Un groupe d'investisseurs, notamment le groupe japonais SoftBank, qui a déjà une participation dans Uber depuis 2017, envisage d'investir au moins un milliard de dollars dans la division dédiée au développement de la conduite autonome d’Uber, selon le Wall Street Journal.

Le rôle grandissant de SoftBank

L'idée serait que le "Vision Fund" de Softbank, qui multiplie les investissements importants dans les technologies, ainsi que d'autres investisseurs, dont un constructeur automobile, acquièrent une part dans cette activité. On peut rappeler que Uber a déjà noué des accords avec Volvo (fourniture de 24000 véhicules) et Toyota (participation de 500 millions de dollars) et on peut aussi souligner que SoftBank est très investi dans l’autonomisation et la robotisation, comme en témoigne son récent investissement de plus de 900 millions de dollars dans les robots de livraison Nuro. Au-delà de sa participation dans Uber, le groupe a investi dans plusieurs concurrents, Didi en Chine, Ola en Inde ou Grab en Asie du Sud-Est (or, Uber fait aussi valoir une participation de 27,5% dans Grab et Toyota est aussi dans la boucle), sans oublier qu’au niveau technologique, SoftBank apparaît au capital de Nvidia.
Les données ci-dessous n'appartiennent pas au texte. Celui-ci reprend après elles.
(* Let $\widehat Q^{(1)}_{n,m},\dots,\widehat Q^{(m)}_{n,m}$ be the subset-based variational posteriors computed on disjoint groups $G_1,\dots,G_m$; they are independent random probability measures on $\Theta$. Let $0\le\kappa<1/3$. Suppose $\epsilon>0$ is such that for every $j$ with $1\le j\le\lfloor(1-\kappa)m\rfloor+1$, \[ \Pr\big(d_{W_{1,\rho}}(\widehat Q^{(j)}_{n,m},\delta_0)>\epsilon\big)\le\tfrac14 . \] Here the indices $1,\dots,\lfloor(1-\kappa)m\rfloor+1$ label uncontaminated groups; the other groups are arbitrary. Then the Wasserstein metric median $Q^*_{\mathrm{Met}}$ satisfies \[ \Pr\big(d_{W_{1,\rho}}(Q^*_{\mathrm{Met}},\delta_0)>3\epsilon\big)\le\Big[e^{(1-\kappa)\psi\left(\frac{1/2-\kappa}{1-\kappa},\frac14\right)}\Big]^{-m}. \]
   Context: $\Theta$ carries the Hellinger metric $\rho(\theta_1,\theta_2)=h(P_{\theta_1},P_{\theta_2})$, and $\delta_0$ is the Dirac measure at $\theta_0$. The distance \[ d_{W_{1,\rho}}(\mu_1,\mu_2)=\inf_{\gamma}\int\rho(x,y)\,d\gamma(x,y) \] is the 1-Wasserstein distance with respect to $\rho$, the infimum running over couplings $\gamma$ of $\mu_1,\mu_2$. The subset-based variational posterior is $\widehat Q^{(j)}_{n,m}=\arg\min_{Q\in\mathcal Q}\mathrm{KL}(Q,\Pi_{n,m}(\cdot\mid G_j))$, where \[ \Pi_{n,m}(B\mid G_j)\propto\int_B\Big(\prod_{i\in G_j}p_\theta(X_i)\Big)^m d\Pi(\theta). \] Wasserstein metric median: let \[ \varepsilon_*=\inf\Big\{\varepsilon>0:\ \exists\, j\in\{1,\dots,m\},\ I(j)\subset\{1,\dots,m\}\text{ with } |I(j)|>\tfrac m2 \text{ and } d_{W_{1,\rho}}(\widehat Q^{(i)}_{n,m},\widehat Q^{(j)}_{n,m})\le2\varepsilon\ \ \forall i\in I(j)\Big\}, \] let $j_*$ be a corresponding index (ties broken arbitrarily), and set $Q^*_{\mathrm{Met}}=\widehat Q^{(j_* )}_{n,m}$. Define $\psi(\alpha,q)=(1-\alpha)\log\frac{1-\alpha}{1-q}+\alpha\log\frac{\alpha}{q}$. *)

theory Defs
  imports "HOL-Probability.Probability"
begin

definition hellinger :: "'x measure \<Rightarrow> ('t \<Rightarrow> 'x \<Rightarrow> real) \<Rightarrow> 't \<Rightarrow> 't \<Rightarrow> real" where
  "hellinger nu p t1 t2 =
     sqrt ((1/2) * (\<integral>x. (sqrt (p t1 x) - sqrt (p t2 x))^2 \<partial>nu))"

definition couplings :: "'t measure \<Rightarrow> 't measure \<Rightarrow> 't measure \<Rightarrow> ('t \<times> 't) measure set" where
  "couplings T mu1 mu2 =
     {g. sets g = sets (T \<Otimes>\<^sub>M T) \<and> distr g T fst = mu1 \<and> distr g T snd = mu2}"

definition wasserstein1 :: "('t \<Rightarrow> 't \<Rightarrow> real) \<Rightarrow> 't measure \<Rightarrow> 't measure \<Rightarrow> 't measure \<Rightarrow> ennreal" where
  "wasserstein1 rho T mu1 mu2 =
     (INF g \<in> couplings T mu1 mu2. \<integral>\<^sup>+ z. ennreal (rho (fst z) (snd z)) \<partial>g)"

definition eps_star :: "('m \<Rightarrow> 'm \<Rightarrow> ennreal) \<Rightarrow> (nat \<Rightarrow> 'm) \<Rightarrow> nat \<Rightarrow> real" where
  "eps_star d q m = Inf {eps. eps > 0 \<and>
      (\<exists>j\<in>{1..m}. \<exists>I. I \<subseteq> {1..m} \<and> real (card I) > real m / 2 \<and>
          (\<forall>i\<in>I. d (q i) (q j) \<le> ennreal (2 * eps)))}"

definition metric_median_index :: "('m \<Rightarrow> 'm \<Rightarrow> ennreal) \<Rightarrow> (nat \<Rightarrow> 'm) \<Rightarrow> nat \<Rightarrow> nat \<Rightarrow> bool" where
  "metric_median_index d q m j \<longleftrightarrow> j \<in> {1..m} \<and>
      (\<exists>I. I \<subseteq> {1..m} \<and> real (card I) > real m / 2 \<and>
          (\<forall>i\<in>I. d (q i) (q j) \<le> ennreal (2 * eps_star d q m)))"

definition psi :: "real \<Rightarrow> real \<Rightarrow> real" where
  "psi a q = (1 - a) * ln ((1 - a) / (1 - q)) + a * ln (a / q)"

text \<open>Outer probability (the event for the metric median need not be measurable,
  since ties are broken arbitrarily).\<close>
definition outer_prob :: "'a measure \<Rightarrow> 'a set \<Rightarrow> real" where
  "outer_prob M S = (INF A \<in> {A \<in> sets M. S \<inter> space M \<subseteq> A}. measure M A)"

end

theory Submission
  imports Defs
begin
text \<open>f | z(q^b) implies f | z: a root a of f, a primitive n-th root, is w^b for another
  primitive n-th root w, and the order of w in z(q^b) is the order of a in z.\<close>
lemma PhiStar_frob_cancel:
  assumes b: "b \<ge> 1" and f: "f \<in> PhiStar (Nb b)" and d: "f dvd pcompose z (monom 1 b)"
  shows "f dvd z"
proof (cases "z = 0")
  case False
  show ?thesis
  proof (rule dvd_by_complex_orders[OF PhiStar_props(3)[OF f] False])
    have z0: "cpoly z \<noteq> 0" using False by (simp add: cpoly_eq_0_iff)
    fix a show "order a (cpoly f) \<le> order a (cpoly z)"
    proof (cases "order a (cpoly f) = 0")
      case False
      then obtain n where n: "n \<in> Nb b" "a \<in> prim_roots n"
        using order_PhiStar_nonzero[OF f Nb_pos] by blast
      then obtain w where w: "w \<in> prim_roots n" "w ^ b = a"
        using prim_roots_has_root[OF n(2) _ b] n(1) by (auto simp: Nb_def)
      have "order a (cpoly f) = order w (cpoly f)"
        using order_PhiStar_const[OF f Nb_pos n(2) w(1)] .
      also have "\<dots> \<le> order w (pcompose (cpoly z) (monom 1 b))"
        using d pcompose_monom_nonzero[OF z0 b]
        by (intro dvd_imp_order_le) (auto simp: cpoly_frob[symmetric] cpoly_dvd_iff)
      also have "\<dots> = order a (cpoly z)"
        using order_pcompose_monom[OF z0 prim_roots_nonzero[OF w(1)] b] w(2) by simp
      finally show ?thesis .
    qed simp
  qed
qed simp

lemma frob_poly_Zbq: "b \<ge> 1 \<Longrightarrow> p \<in> Zbq b \<Longrightarrow> frob_poly b p \<in> Zbq b"
  unfolding frob_poly_def by (intro Zbq_pcompose Zbq_monom Zb_1)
La recherche d'une bonne synchronisation avant une introduction en Bourse qui s'annonce spectaculaire

Pour Uber, cet investissement serait stratégique, mis en perspective avec une entrée en Bourse imminente. Si la fourchette des estimations est large, on peut s’attendre à une valorisation particulièrement élevée, de l’ordre de 100 milliards de dollars.

Si la généralisation de la conduite autonome est naturellement encore lointaine, cette technologie est névralgique pour les opérateurs de VTC, car elle ouvre la voie à un business-model délesté du coût des chauffeurs et plus compatible avec les cahiers des charges des mégapoles.